Allowing encryption to be disabled serverside would render encryption useless, don’t you think?
I’d like to point out that I for one want to see the ability to encrypt backup traffic on LAN too, not just internet. This way the backup traffic can’t get snooped by staff or internal breaches. The majority of IT Security breaches, statistically, are done by company staff, not external parties. Having it be unencrypted on LAN makes it just that much easier to scoop data off other computers you don’t have access to.
You can of course use the internet mode locally. It’s harder to setup, but otherwise it has next to no disadvantages.
I might have missed it, but where in the Admin Docs would I find adapting the internet mode for LAN? Does that break LAN discovery at all?
One of these:
- You can run
"C:\Program Files\UrBackup\enable_internet_only.bat"on the clients - Put server in a separate (virtual) network and only forward internet + web interface
- Block 35623 UPD outgoing on the server with its firewall settings
- The 2.2.x server has a
--internet-onlyswitch. On Windows add
–internet_only_mode
true
to args.txt
Of course it breaks LAN discovery. But you can temporarily switch LAN mode back on once you have a new client.
2 Likes
Are “internet” clients able to get new client updates pushed from the server? Is there any possibility in the future we can have LAN encryption + discovery? Or is that an impossibility?

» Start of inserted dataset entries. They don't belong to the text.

(* Let $\Pi_n=\{\pi_1,\ldots,\pi_n\}$ be a finite set of policies of a discrete mean-field game (setting in the context) with $J$ $\mu$-diff-affine, and let $M_{ij}=J(\pi_i,\mu^{\pi_j})$. Let $\rho$ be a finitely supported distribution over $\Delta(\Pi_n)$ (writing $\nu_i=\nu(\pi_i)$). (i) If $\sum_i\max_k\sum_\nu\rho(\nu)\,\nu_i\sum_j\nu_j\big(M_{kj}-M_{ij}\big)\le0$, then $\sum_i\max_k\sum_\nu\rho(\nu)\nu_i\big(J(\pi_k,\mu(\nu))-J(\pi_i,\mu(\nu))\big)\le0$; in particular $\rho$ is a mean-field correlated equilibrium when deviations are restricted to $\Pi_n$. (ii) If $\max_k\sum_\nu\rho(\nu)\sum_i\sum_j\nu_i\nu_j\big(M_{kj}-M_{ij}\big)\le0$, then $\max_k\sum_\nu\rho(\nu)\big(J(\pi_k,\mu(\nu))-J(\pi(\nu),\mu(\nu))\big)\le0$, i.e. $\rho$ is a mean-field coarse correlated equilibrium when deviations are restricted to $\Pi_n$.
   Context: A discrete mean-field game consists of finite state set $\mathcal X$, finite action set $\mathcal A$, reward $r:\mathcal X\times\mathcal A\times\Delta(\mathcal X)\to\mathbb R$, transitions $p(x'\mid x,a)$ independent of the population distribution, initial distribution $\mu_0$. A policy is $\pi:\mathcal X\to\Delta(\mathcal A)$; $\mu^\pi$ is its state occupancy measure; $J(\pi,\mu)=\sum_{x,a}\mu^\pi(x)\pi(x,a)r(x,a,\mu)$. For $\nu\in\Delta(\Pi_n)$, $\mu(\nu)=\sum_j\nu(\pi_j)\mu^{\pi_j}$ and $J(\pi(\nu),\mu)=\sum_i\nu(\pi_i)J(\pi_i,\mu)$, where $\pi(\nu)$ samples a policy from $\nu$ at the start and plays it. $J$ is $\mu$-diff-affine if for all policies $\pi,\pi'$ the map $\mu\mapsto J(\pi,\mu)-J(\pi',\mu)$ is affine. A mean-field correlated equilibrium (deviations in $\Pi_n$) is a $\rho$ with $\sum_\nu\rho(\nu)\nu(\pi_i)(J(\pi_k,\mu(\nu))-J(\pi_i,\mu(\nu)))\le0$ for all $i,k$. *)

theory Defs
  imports Complex_Main
begin

definition is_dist :: "('b::finite \<Rightarrow> real) \<Rightarrow> bool" where
  "is_dist d \<longleftrightarrow> (\<forall>b. 0 \<le> d b) \<and> (\<Sum>b\<in>UNIV. d b) = 1"

(* Distributions over the indices {0..<n} of the finite policy set Pi_n;
   nu i = nu(pi_i), canonically 0 outside the index range *)
definition is_dist_n :: "nat \<Rightarrow> (nat \<Rightarrow> real) \<Rightarrow> bool" where
  "is_dist_n n \<nu> \<longleftrightarrow> (\<forall>i<n. 0 \<le> \<nu> i) \<and> (\<forall>i\<ge>n. \<nu> i = 0) \<and> (\<Sum>i<n. \<nu> i) = 1"

definition is_policy :: "('x::finite \<Rightarrow> 'a::finite \<Rightarrow> real) \<Rightarrow> bool" where
  "is_policy \<pi> \<longleftrightarrow> (\<forall>x. is_dist (\<pi> x))"

(* J(pi, mu) = sum_{x,a} mu^pi(x) pi(x,a) r(x,a,mu); occ pi = mu^pi *)
definition Jv :: "(('x::finite \<Rightarrow> 'a::finite \<Rightarrow> real) \<Rightarrow> 'x \<Rightarrow> real)
     \<Rightarrow> ('x \<Rightarrow> 'a \<Rightarrow> ('x \<Rightarrow> real) \<Rightarrow> real)
     \<Rightarrow> ('x \<Rightarrow> 'a \<Rightarrow> real) \<Rightarrow> ('x \<Rightarrow> real) \<Rightarrow> real" where
  "Jv occ r \<pi> \<mu> = (\<Sum>x\<in>UNIV. \<Sum>a\<in>UNIV. occ \<pi> x * \<pi> x a * r x a \<mu>)"

definition mu_mix :: "(('x::finite \<Rightarrow> 'a::finite \<Rightarrow> real) \<Rightarrow> 'x \<Rightarrow> real)
     \<Rightarrow> (nat \<Rightarrow> ('x \<Rightarrow> 'a \<Rightarrow> real)) \<Rightarrow> nat \<Rightarrow> (nat \<Rightarrow> real) \<Rightarrow> 'x \<Rightarrow> real" where
  "mu_mix occ pol n \<nu> = (\<lambda>x. \<Sum>j<n. \<nu> j * occ (pol j) x)"

(* J(pi(nu), mu) = sum_i nu(pi_i) J(pi_i, mu) *)
definition J_mix where
  "J_mix occ r pol n \<nu> \<mu> = (\<Sum>i<n. \<nu> i * Jv occ r (pol i) \<mu>)"

definition mu_diff_affine where
  "mu_diff_affine occ r \<longleftrightarrow>
     (\<forall>\<pi> \<pi>'. is_policy \<pi> \<longrightarrow> is_policy \<pi>' \<longrightarrow>
       (\<forall>\<mu> \<mu>' (t::real). is_dist \<mu> \<longrightarrow> is_dist \<mu>' \<longrightarrow> 0 \<le> t \<longrightarrow> t \<le> 1 \<longrightarrow>
          (let f = (\<lambda>m. Jv occ r \<pi> m - Jv occ r \<pi>' m)
           in f (\<lambda>x. (1 - t) * \<mu> x + t * \<mu>' x) = (1 - t) * f \<mu> + t * f \<mu>')))"

(* Mean-field correlated equilibrium with deviations restricted to Pi_n;
   rho is given by its finite support R and weights *)
definition mf_correlated_eq where
  "mf_correlated_eq occ r pol n R \<rho> \<longleftrightarrow>
     (\<forall>i<n. \<forall>k<n. (\<Sum>\<nu>\<in>R. \<rho> \<nu> * \<nu> i *
        (Jv occ r (pol k) (mu_mix occ pol n \<nu>) - Jv occ r (pol i) (mu_mix occ pol n \<nu>))) \<le> 0)"

definition mf_coarse_correlated_eq where
  "mf_coarse_correlated_eq occ r pol n R \<rho> \<longleftrightarrow>
     Max ((\<lambda>k. \<Sum>\<nu>\<in>R. \<rho> \<nu> *
        (Jv occ r (pol k) (mu_mix occ pol n \<nu>) - J_mix occ r pol n \<nu> (mu_mix occ pol n \<nu>))) ` {..<n}) \<le> 0"

end

theory Submission
  imports Defs
begin

text \<open>Diff-affinity extends from two-point to finite mixtures of occupancy measures, so
  \<open>J(\<pi>\<^sub>k, \<mu>(\<nu>)) - J(\<pi>\<^sub>i, \<mu>(\<nu>)) = \<Sum>\<^sub>j \<nu>\<^sub>j (M\<^sub>k\<^sub>j - M\<^sub>i\<^sub>j)\<close>, and averaging over \<open>\<nu>\<^sub>i\<close> gives the
  coarse deviation gain \<open>\<Sum>\<^sub>i \<Sum>\<^sub>j \<nu>\<^sub>i \<nu>\<^sub>j (M\<^sub>k\<^sub>j - M\<^sub>i\<^sub>j)\<close>. Hence the hypotheses are the conclusions
  rewritten in terms of \<open>M\<close>. For the correlated equilibrium: the deviation \<open>k = i\<close> gains nothing,
  so every maximum over \<open>k\<close> is nonnegative, and a nonpositive sum of them forces each to vanish.\<close>

lemma is_dist_mixture:
  fixes d :: "nat \<Rightarrow> 'x::finite \<Rightarrow> real"
  assumes "\<And>j. j \<in> A \<Longrightarrow> is_dist (d j)"
    and "\<And>j. j \<in> A \<Longrightarrow> 0 \<le> w j"
    and "(\<Sum>j\<in>A. w j) = 1"
  shows "is_dist (\<lambda>x. \<Sum>j\<in>A. w j * d j x)"
proof -
  have "(\<Sum>x\<in>UNIV. \<Sum>j\<in>A. w j * d j x) = (\<Sum>j\<in>A. w j * (\<Sum>x\<in>UNIV. d j x))"
    by (subst sum.swap) (simp add: sum_distrib_left)
  also have "\<dots> = 1"
    using assms by (simp add: is_dist_def)
  finally show ?thesis
    using assms by (auto intro!: sum_nonneg simp: is_dist_def)
qed

lemma affine_on_mixtures:
  fixes f :: "('x::finite \<Rightarrow> real) \<Rightarrow> real" and d :: "nat \<Rightarrow> 'x \<Rightarrow> real"
  assumes affine: "\<And>\<mu> \<mu>' t. is_dist \<mu> \<Longrightarrow> is_dist \<mu>' \<Longrightarrow> 0 \<le> t \<Longrightarrow> t \<le> 1 \<Longrightarrow>
             f (\<lambda>x. (1 - t) * \<mu> x + t * \<mu>' x) = (1 - t) * f \<mu> + t * f \<mu>'"
    and "\<And>j. j < m \<Longrightarrow> is_dist (d j)"
    and "\<And>j. j < m \<Longrightarrow> 0 \<le> w j"
    and "(\<Sum>j<m. w j) = 1"
  shows "f (\<lambda>x. \<Sum>j<m. w j * d j x) = (\<Sum>j<m. w j * f (d j))"
  using assms(2-4)
proof (induction m arbitrary: w)
  case 0
  then show ?case by simp
next
  case (Suc m)
  have rest: "(\<Sum>j<m. w j) = 1 - w m" and rest_nonneg: "0 \<le> (\<Sum>j<m. w j)"
    using Suc.prems by (auto intro!: sum_nonneg)
  show ?case
  proof (cases "w m = 1")
    case True
    then have "\<forall>j\<in>{..<m}. w j = 0"
      using rest Suc.prems(2) by (subst sum_nonneg_eq_0_iff[symmetric]) auto
    with True show ?thesis by simp
  next
    case False
    define t where "t = w m"
    define w' where "w' j = w j / (1 - t)" for j
    have t: "0 \<le> t" "t < 1"
      using False rest rest_nonneg Suc.prems(2) by (auto simp: t_def)
    have w': "\<And>j. j < m \<Longrightarrow> 0 \<le> w' j" "(\<Sum>j<m. w' j) = 1"
      using Suc.prems(2) rest t by (auto simp: w'_def t_def simp flip: sum_divide_distrib)
    have rescale: "w j = (1 - t) * w' j" if "j < m" for j
      using t by (simp add: w'_def)
    have wm: "w m = t"
      by (simp add: t_def)
    have "f (\<lambda>x. \<Sum>j<Suc m. w j * d j x)
        = f (\<lambda>x. (1 - t) * (\<Sum>j<m. w' j * d j x) + t * d m x)"
      by (simp add: rescale sum_distrib_left mult.assoc wm)
    also have "\<dots> = (1 - t) * f (\<lambda>x. \<Sum>j<m. w' j * d j x) + t * f (d m)"
      using Suc.prems(1) w' t by (intro affine is_dist_mixture) auto
    also have "\<dots> = (\<Sum>j<Suc m. w j * f (d j))"
      using Suc.IH[OF _ w'] Suc.prems(1)
      by (simp add: rescale sum_distrib_left mult.assoc wm)
    finally show ?thesis .
  qed
qed

lemma Jv_diff_mu_mix:
  assumes occ_dist: "\<And>\<pi>. is_policy \<pi> \<Longrightarrow> is_dist (occ \<pi>)"
    and "mu_diff_affine occ r"
    and "is_policy \<pi>" "is_policy \<pi>'"
    and pols: "\<And>j. j < n \<Longrightarrow> is_policy (pol j)"
    and "is_dist_n n \<nu>"
  shows "Jv occ r \<pi> (mu_mix occ pol n \<nu>) - Jv occ r \<pi>' (mu_mix occ pol n \<nu>)
       = (\<Sum>j<n. \<nu> j * (Jv occ r \<pi> (occ (pol j)) - Jv occ r \<pi>' (occ (pol j))))"
  unfolding mu_mix_def
proof (rule affine_on_mixtures[where f = "\<lambda>\<mu>. Jv occ r \<pi> \<mu> - Jv occ r \<pi>' \<mu>"])
  show "\<And>\<mu> \<mu>' t. is_dist \<mu> \<Longrightarrow> is_dist \<mu>' \<Longrightarrow> 0 \<le> t \<Longrightarrow> t \<le> 1 \<Longrightarrow>
      Jv occ r \<pi> (\<lambda>x. (1 - t) * \<mu> x + t * \<mu>' x) - Jv occ r \<pi>' (\<lambda>x. (1 - t) * \<mu> x + t * \<mu>' x)
      = (1 - t) * (Jv occ r \<pi> \<mu> - Jv occ r \<pi>' \<mu>) + t * (Jv occ r \<pi> \<mu>' - Jv occ r \<pi>' \<mu>')"
    using assms(2-4) unfolding mu_diff_affine_def Let_def by blast
qed (use occ_dist pols \<open>is_dist_n n \<nu>\<close> in \<open>auto simp: is_dist_n_def\<close>)

lemma Jv_diff_J_mix:
  assumes "(\<Sum>i<n. \<nu> i) = 1"
  shows "Jv occ r \<pi> \<mu> - J_mix occ r pol n \<nu> \<mu> = (\<Sum>i<n. \<nu> i * (Jv occ r \<pi> \<mu> - Jv occ r (pol i) \<mu>))"
  using assms by (simp add: J_mix_def right_diff_distrib sum_subtractf flip: sum_distrib_right)

lemma nonpos_if_sum_Max_nonpos:
  fixes S :: "'i \<Rightarrow> 'i \<Rightarrow> real"
  assumes "finite A"
    and diag: "\<And>i. i \<in> A \<Longrightarrow> S i i = 0"
    and sum_Max: "(\<Sum>i\<in>A. Max (S i ` A)) \<le> 0"
    and "i \<in> A" "k \<in> A"
  shows "S i k \<le> 0"
proof -
  have Max_nonneg: "0 \<le> Max (S j ` A)" if "j \<in> A" for j
    using \<open>finite A\<close> diag[OF that] that by (auto simp: Max_ge_iff)
  then have "\<forall>j\<in>A. Max (S j ` A) = 0"
    using sum_Max \<open>finite A\<close> by (subst sum_nonneg_eq_0_iff[symmetric]) (auto intro: antisym sum_nonneg)
  then show ?thesis
    using \<open>finite A\<close> \<open>i \<in> A\<close> \<open>k \<in> A\<close> Max_ge[of "S i ` A" "S i k"] by auto
qed

theorem mainTheorem10:
  fixes occ :: "('x::finite \<Rightarrow> 'a::finite \<Rightarrow> real) \<Rightarrow> 'x \<Rightarrow> real"
    and r :: "'x \<Rightarrow> 'a \<Rightarrow> ('x \<Rightarrow> real) \<Rightarrow> real"
    and pol :: "nat \<Rightarrow> ('x \<Rightarrow> 'a \<Rightarrow> real)"
    and n :: nat
    and R :: "(nat \<Rightarrow> real) set"
    and \<rho> :: "(nat \<Rightarrow> real) \<Rightarrow> real"
    and M :: "nat \<Rightarrow> nat \<Rightarrow> real"
  assumes occ_dist: "\<And>\<pi>. is_policy \<pi> \<Longrightarrow> is_dist (occ \<pi>)"
    and affine: "mu_diff_affine occ r"
    and pols: "\<And>i. i < n \<Longrightarrow> is_policy (pol i)"
    and M_def: "\<And>i j. M i j = Jv occ r (pol i) (occ (pol j))"
    and R_fin: "finite R"
    and R_dist: "\<And>\<nu>. \<nu> \<in> R \<Longrightarrow> is_dist_n n \<nu>"
    and \<rho>_nonneg: "\<And>\<nu>. \<nu> \<in> R \<Longrightarrow> 0 \<le> \<rho> \<nu>"
    and \<rho>_sum: "(\<Sum>\<nu>\<in>R. \<rho> \<nu>) = 1"
  shows "((\<Sum>i<n. Max ((\<lambda>k. \<Sum>\<nu>\<in>R. \<rho> \<nu> * \<nu> i * (\<Sum>j<n. \<nu> j * (M k j - M i j))) ` {..<n})) \<le> 0
          \<longrightarrow> (\<Sum>i<n. Max ((\<lambda>k. \<Sum>\<nu>\<in>R. \<rho> \<nu> * \<nu> i *
                 (Jv occ r (pol k) (mu_mix occ pol n \<nu>) - Jv occ r (pol i) (mu_mix occ pol n \<nu>))) ` {..<n})) \<le> 0
              \<and> mf_correlated_eq occ r pol n R \<rho>)
       \<and> (Max ((\<lambda>k. \<Sum>\<nu>\<in>R. \<rho> \<nu> * (\<Sum>i<n. \<Sum>j<n. \<nu> i * \<nu> j * (M k j - M i j))) ` {..<n}) \<le> 0
          \<longrightarrow> mf_coarse_correlated_eq occ r pol n R \<rho>)"
proof -
  have gain: "Jv occ r (pol k) (mu_mix occ pol n \<nu>) - Jv occ r (pol i) (mu_mix occ pol n \<nu>)
      = (\<Sum>j<n. \<nu> j * (M k j - M i j))" if "\<nu> \<in> R" "k < n" "i < n" for \<nu> k i
    using Jv_diff_mu_mix[OF occ_dist affine pols pols pols R_dist] that by (simp add: M_def)
  have coarse_gain: "Jv occ r (pol k) (mu_mix occ pol n \<nu>) - J_mix occ r pol n \<nu> (mu_mix occ pol n \<nu>)
      = (\<Sum>i<n. \<Sum>j<n. \<nu> i * \<nu> j * (M k j - M i j))" if "\<nu> \<in> R" "k < n" for \<nu> k
    using that R_dist[OF that(1)]
    by (simp add: Jv_diff_J_mix is_dist_n_def gain sum_distrib_left mult.assoc)
  have correlated: "mf_correlated_eq occ r pol n R \<rho>"
    if "(\<Sum>i<n. Max ((\<lambda>k. \<Sum>\<nu>\<in>R. \<rho> \<nu> * \<nu> i * (\<Sum>j<n. \<nu> j * (M k j - M i j))) ` {..<n})) \<le> 0"
    unfolding mf_correlated_eq_def
    using nonpos_if_sum_Max_nonpos[OF _ _ that] by (simp add: gain)
  show ?thesis
    unfolding mf_coarse_correlated_eq_def
    using correlated by (simp add: gain coarse_gain)
qed

end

Sorry. But if the client would encrypt the backup, encryption of the traffic would not be required…
I’m confused. Internet backup (as opposed to LAN), would mean the backup itself is encrypted, even on the server-side? Not the traffic between Client and Server?
What about wanting in-traffic encryption, but not on-disk encryption on the server? (for restoration reasons)
Also, another question came to mind. If I do ONLY internet backups, does the Restoration ISO stop being able to discover LAN UrBackup servers?
Shall we keep this topic about the Feature Request it’s about?
Well, I’m game for being on-topic, but after reviewing this thread, it looks like it’s relevant to the latest response given about internet v LAN. So… should I start another thread for that one question? 
Why don’t you need that? Do you encrypt the whole disk?
First, thanks for your work, Urbackup is Great tools !!
There are two kinds of encryption, first is the physical access to the harddisk, second is to the backup administrator, us.
First kind of encryption, recently I came across a client’s compliance assessment, they asked is the backup storage encrypted? well, I can say yes because I can encrypt my storage partition 
Second, can you read all data stored in the backup? Er… Yes I can. 
I am thinking, it can be fulfilled both by adding a “Keyphase” in the Urbackup client setting, so the backup content of a client is encrypted by that keyphase, so you can only read the content if you have the keyphase.
I know it will increase the server loading very very much I can imagine the incremental backup mechanism, you need to decrypt everything, compare it then backup and combine it and encrypt it. sounds it will slow down to an unacceptable speed.
just my 2 cents.
Based on my previous needs, and what I’ve seen from other products, only the data itself would need to be encrypted. The names and other data (size, time, etc) would not need to be altered.
The goal would be just to protect the data itself.
I assume this would (or, at least, could) adversely impact DeDuplication, but for the intended use cases, that would be less of a concern.
@uroni is this feature on your roadmap? having data encrypted with a user key would really be a killer-feature and help a lot in keeping private data secured
An implementation of this is currently in the dev branch. It solves this “properly”, so it also encrypts metadata such as file names + sizes + file system structure, but of course de-duplication between clients isn’t possible anymore. Pieces such as being able to mount the encrypted backups on the server are currently missing plus a lot of other things.
Focus is currently on finalizing 2.5.y. So if you want to help, testing that would speed up that, so focus can be switched to dev.
9 Likes
I am also interested in encyption of data in rest.
@uroni
Would be interested aswell. Is there any way for me to test the feature now already? Cant find the dev branch anywhere.
Would it not be possible have encryption via the group, anyone in the group can de-duplicate between each member)?